**Task instructions:** Return the data below in full, matching every line exactly.

**Records supplied:**
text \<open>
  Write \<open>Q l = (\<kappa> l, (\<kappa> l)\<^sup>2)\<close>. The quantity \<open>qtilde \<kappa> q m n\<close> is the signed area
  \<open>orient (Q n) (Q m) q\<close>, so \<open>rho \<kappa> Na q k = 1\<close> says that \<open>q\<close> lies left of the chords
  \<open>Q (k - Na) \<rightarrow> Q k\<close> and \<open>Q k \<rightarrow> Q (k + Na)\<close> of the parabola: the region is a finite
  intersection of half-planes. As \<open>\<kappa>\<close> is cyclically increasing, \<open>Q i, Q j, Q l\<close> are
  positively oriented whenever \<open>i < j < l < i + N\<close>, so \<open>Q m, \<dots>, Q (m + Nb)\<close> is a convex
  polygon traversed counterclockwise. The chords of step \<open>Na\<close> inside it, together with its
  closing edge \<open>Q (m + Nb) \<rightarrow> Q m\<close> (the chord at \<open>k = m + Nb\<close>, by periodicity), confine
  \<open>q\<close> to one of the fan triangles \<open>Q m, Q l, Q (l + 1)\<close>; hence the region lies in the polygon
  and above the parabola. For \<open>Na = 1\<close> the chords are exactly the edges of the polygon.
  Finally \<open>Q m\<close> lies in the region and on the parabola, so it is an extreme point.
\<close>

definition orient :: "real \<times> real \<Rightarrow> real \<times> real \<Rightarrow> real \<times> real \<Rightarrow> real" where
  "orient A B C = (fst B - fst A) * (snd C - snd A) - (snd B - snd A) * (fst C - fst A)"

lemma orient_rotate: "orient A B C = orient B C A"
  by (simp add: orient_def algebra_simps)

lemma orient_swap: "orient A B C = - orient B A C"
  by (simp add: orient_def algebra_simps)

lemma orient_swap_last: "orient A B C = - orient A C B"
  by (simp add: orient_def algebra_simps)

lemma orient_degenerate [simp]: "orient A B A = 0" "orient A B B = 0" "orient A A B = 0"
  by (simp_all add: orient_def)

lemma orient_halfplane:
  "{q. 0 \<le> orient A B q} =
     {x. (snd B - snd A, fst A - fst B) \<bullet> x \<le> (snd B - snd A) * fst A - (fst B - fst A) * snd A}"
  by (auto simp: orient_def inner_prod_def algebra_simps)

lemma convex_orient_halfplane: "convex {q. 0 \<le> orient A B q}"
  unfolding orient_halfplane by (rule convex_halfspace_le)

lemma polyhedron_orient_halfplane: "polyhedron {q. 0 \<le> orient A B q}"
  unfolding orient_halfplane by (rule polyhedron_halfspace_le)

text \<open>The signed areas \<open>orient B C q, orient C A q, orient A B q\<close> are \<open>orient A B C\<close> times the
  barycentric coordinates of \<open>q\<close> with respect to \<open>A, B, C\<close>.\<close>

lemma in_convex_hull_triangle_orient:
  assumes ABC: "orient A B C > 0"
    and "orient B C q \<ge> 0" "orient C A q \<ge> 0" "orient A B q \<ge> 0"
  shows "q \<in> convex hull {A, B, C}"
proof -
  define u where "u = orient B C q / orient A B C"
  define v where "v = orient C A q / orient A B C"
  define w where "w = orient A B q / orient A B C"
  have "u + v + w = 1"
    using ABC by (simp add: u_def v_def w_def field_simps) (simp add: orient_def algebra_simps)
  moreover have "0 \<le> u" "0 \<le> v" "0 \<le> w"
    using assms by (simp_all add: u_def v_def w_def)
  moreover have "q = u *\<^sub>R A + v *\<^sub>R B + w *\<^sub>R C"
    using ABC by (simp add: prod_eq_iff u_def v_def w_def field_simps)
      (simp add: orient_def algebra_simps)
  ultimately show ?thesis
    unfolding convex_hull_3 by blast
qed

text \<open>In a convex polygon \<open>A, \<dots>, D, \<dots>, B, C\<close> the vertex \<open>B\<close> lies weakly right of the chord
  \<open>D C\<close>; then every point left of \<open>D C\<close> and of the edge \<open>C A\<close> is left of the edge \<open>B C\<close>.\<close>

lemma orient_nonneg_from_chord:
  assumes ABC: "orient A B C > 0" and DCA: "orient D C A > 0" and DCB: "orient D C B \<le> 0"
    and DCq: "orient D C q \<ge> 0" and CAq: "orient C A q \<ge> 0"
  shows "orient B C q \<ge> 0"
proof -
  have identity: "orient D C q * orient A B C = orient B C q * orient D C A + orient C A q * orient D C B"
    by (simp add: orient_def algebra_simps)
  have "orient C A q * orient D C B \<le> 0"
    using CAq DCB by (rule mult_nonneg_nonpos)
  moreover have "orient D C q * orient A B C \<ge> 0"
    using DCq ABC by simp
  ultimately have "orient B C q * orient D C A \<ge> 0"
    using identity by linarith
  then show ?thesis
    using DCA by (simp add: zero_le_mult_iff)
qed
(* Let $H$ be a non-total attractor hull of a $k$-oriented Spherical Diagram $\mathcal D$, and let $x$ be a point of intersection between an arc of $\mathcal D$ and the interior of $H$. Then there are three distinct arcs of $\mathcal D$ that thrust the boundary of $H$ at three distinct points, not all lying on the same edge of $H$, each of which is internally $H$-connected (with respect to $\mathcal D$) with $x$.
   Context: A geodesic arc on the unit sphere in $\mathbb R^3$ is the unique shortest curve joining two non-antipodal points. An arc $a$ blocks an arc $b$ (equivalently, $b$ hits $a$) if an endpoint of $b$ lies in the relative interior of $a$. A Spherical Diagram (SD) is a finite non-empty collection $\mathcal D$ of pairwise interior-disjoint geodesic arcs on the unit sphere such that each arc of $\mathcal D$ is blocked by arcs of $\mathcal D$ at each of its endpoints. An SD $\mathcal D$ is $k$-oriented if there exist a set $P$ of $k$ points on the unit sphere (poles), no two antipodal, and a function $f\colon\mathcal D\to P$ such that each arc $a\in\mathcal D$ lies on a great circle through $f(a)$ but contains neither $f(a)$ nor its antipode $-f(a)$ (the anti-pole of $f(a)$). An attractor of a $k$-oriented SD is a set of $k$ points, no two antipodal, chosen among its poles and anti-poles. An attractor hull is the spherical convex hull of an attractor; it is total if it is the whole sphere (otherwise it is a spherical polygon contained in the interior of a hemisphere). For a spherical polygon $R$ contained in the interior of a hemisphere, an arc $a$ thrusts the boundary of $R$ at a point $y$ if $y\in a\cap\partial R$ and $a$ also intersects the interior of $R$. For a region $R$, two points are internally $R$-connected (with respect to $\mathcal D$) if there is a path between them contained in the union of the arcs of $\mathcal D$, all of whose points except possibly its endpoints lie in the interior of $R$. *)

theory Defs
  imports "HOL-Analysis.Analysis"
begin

**Worked solution:**
text \<open>
  Write \<open>Q l = (\<kappa> l, (\<kappa> l)\<^sup>2)\<close>. The quantity \<open>qtilde \<kappa> q m n\<close> is the signed area
  \<open>orient (Q n) (Q m) q\<close>, so \<open>rho \<kappa> Na q k = 1\<close> says that \<open>q\<close> lies left of the chords
  \<open>Q (k - Na) \<rightarrow> Q k\<close> and \<open>Q k \<rightarrow> Q (k + Na)\<close> of the parabola: the region is a finite
  intersection of half-planes. As \<open>\<kappa>\<close> is cyclically increasing, \<open>Q i, Q j, Q l\<close> are
  positively oriented whenever \<open>i < j < l < i + N\<close>, so \<open>Q m, \<dots>, Q (m + Nb)\<close> is a convex
  polygon traversed counterclockwise. The chords of step \<open>Na\<close> inside it, together with its
  closing edge \<open>Q (m + Nb) \<rightarrow> Q m\<close> (the chord at \<open>k = m + Nb\<close>, by periodicity), confine
  \<open>q\<close> to one of the fan triangles \<open>Q m, Q l, Q (l + 1)\<close>; hence the region lies in the polygon
  and above the parabola. For \<open>Na = 1\<close> the chords are exactly the edges of the polygon.
  Finally \<open>Q m\<close> lies in the region and on the parabola, so it is an extreme point.
\<close>

definition orient :: "real \<times> real \<Rightarrow> real \<times> real \<Rightarrow> real \<times> real \<Rightarrow> real" where
  "orient A B C = (fst B - fst A) * (snd C - snd A) - (snd B - snd A) * (fst C - fst A)"

lemma orient_rotate: "orient A B C = orient B C A"
  by (simp add: orient_def algebra_simps)

lemma orient_swap: "orient A B C = - orient B A C"
  by (simp add: orient_def algebra_simps)

lemma orient_swap_last: "orient A B C = - orient A C B"
  by (simp add: orient_def algebra_simps)

lemma orient_degenerate [simp]: "orient A B A = 0" "orient A B B = 0" "orient A A B = 0"
  by (simp_all add: orient_def)

lemma orient_halfplane:
  "{q. 0 \<le> orient A B q} =
     {x. (snd B - snd A, fst A - fst B) \<bullet> x \<le> (snd B - snd A) * fst A - (fst B - fst A) * snd A}"
  by (auto simp: orient_def inner_prod_def algebra_simps)

lemma convex_orient_halfplane: "convex {q. 0 \<le> orient A B q}"
  unfolding orient_halfplane by (rule convex_halfspace_le)

lemma polyhedron_orient_halfplane: "polyhedron {q. 0 \<le> orient A B q}"
  unfolding orient_halfplane by (rule polyhedron_halfspace_le)

text \<open>The signed areas \<open>orient B C q, orient C A q, orient A B q\<close> are \<open>orient A B C\<close> times the
  barycentric coordinates of \<open>q\<close> with respect to \<open>A, B, C\<close>.\<close>

lemma in_convex_hull_triangle_orient:
  assumes ABC: "orient A B C > 0"
    and "orient B C q \<ge> 0" "orient C A q \<ge> 0" "orient A B q \<ge> 0"
  shows "q \<in> convex hull {A, B, C}"
proof -
  define u where "u = orient B C q / orient A B C"
  define v where "v = orient C A q / orient A B C"
  define w where "w = orient A B q / orient A B C"
  have "u + v + w = 1"
    using ABC by (simp add: u_def v_def w_def field_simps) (simp add: orient_def algebra_simps)
  moreover have "0 \<le> u" "0 \<le> v" "0 \<le> w"
    using assms by (simp_all add: u_def v_def w_def)
  moreover have "q = u *\<^sub>R A + v *\<^sub>R B + w *\<^sub>R C"
    using ABC by (simp add: prod_eq_iff u_def v_def w_def field_simps)
      (simp add: orient_def algebra_simps)
  ultimately show ?thesis
    unfolding convex_hull_3 by blast
qed

text \<open>In a convex polygon \<open>A, \<dots>, D, \<dots>, B, C\<close> the vertex \<open>B\<close> lies weakly right of the chord
  \<open>D C\<close>; then every point left of \<open>D C\<close> and of the edge \<open>C A\<close> is left of the edge \<open>B C\<close>.\<close>

lemma orient_nonneg_from_chord:
  assumes ABC: "orient A B C > 0" and DCA: "orient D C A > 0" and DCB: "orient D C B \<le> 0"
    and DCq: "orient D C q \<ge> 0" and CAq: "orient C A q \<ge> 0"
  shows "orient B C q \<ge> 0"
proof -
  have identity: "orient D C q * orient A B C = orient B C q * orient D C A + orient C A q * orient D C B"
    by (simp add: orient_def algebra_simps)
  have "orient C A q * orient D C B \<le> 0"
    using CAq DCB by (rule mult_nonneg_nonpos)
  moreover have "orient D C q * orient A B C \<ge> 0"
    using DCq ABC by simp
  ultimately have "orient B C q * orient D C A \<ge> 0"
    using identity by linarith
  then show ?thesis
    using DCA by (simp add: zero_le_mult_iff)
qed
(* Let $H$ be a non-total attractor hull of a $k$-oriented Spherical Diagram $\mathcal D$, and let $x$ be a point of intersection between an arc of $\mathcal D$ and the interior of $H$. Then there are three distinct arcs of $\mathcal D$ that thrust the boundary of $H$ at three distinct points, not all lying on the same edge of $H$, each of which is internally $H$-connected (with respect to $\mathcal D$) with $x$.
   Context: A geodesic arc on the unit sphere in $\mathbb R^3$ is the unique shortest curve joining two non-antipodal points. An arc $a$ blocks an arc $b$ (equivalently, $b$ hits $a$) if an endpoint of $b$ lies in the relative interior of $a$. A Spherical Diagram (SD) is a finite non-empty collection $\mathcal D$ of pairwise interior-disjoint geodesic arcs on the unit sphere such that each arc of $\mathcal D$ is blocked by arcs of $\mathcal D$ at each of its endpoints. An SD $\mathcal D$ is $k$-oriented if there exist a set $P$ of $k$ points on the unit sphere (poles), no two antipodal, and a function $f\colon\mathcal D\to P$ such that each arc $a\in\mathcal D$ lies on a great circle through $f(a)$ but contains neither $f(a)$ nor its antipode $-f(a)$ (the anti-pole of $f(a)$). An attractor of a $k$-oriented SD is a set of $k$ points, no two antipodal, chosen among its poles and anti-poles. An attractor hull is the spherical convex hull of an attractor; it is total if it is the whole sphere (otherwise it is a spherical polygon contained in the interior of a hemisphere). For a spherical polygon $R$ contained in the interior of a hemisphere, an arc $a$ thrusts the boundary of $R$ at a point $y$ if $y\in a\cap\partial R$ and $a$ also intersects the interior of $R$. For a region $R$, two points are internally $R$-connected (with respect to $\mathcal D$) if there is a path between them contained in the union of the arcs of $\mathcal D$, all of whose points except possibly its endpoints lie in the interior of $R$. *)

theory Defs
  imports "HOL-Analysis.Analysis"
begin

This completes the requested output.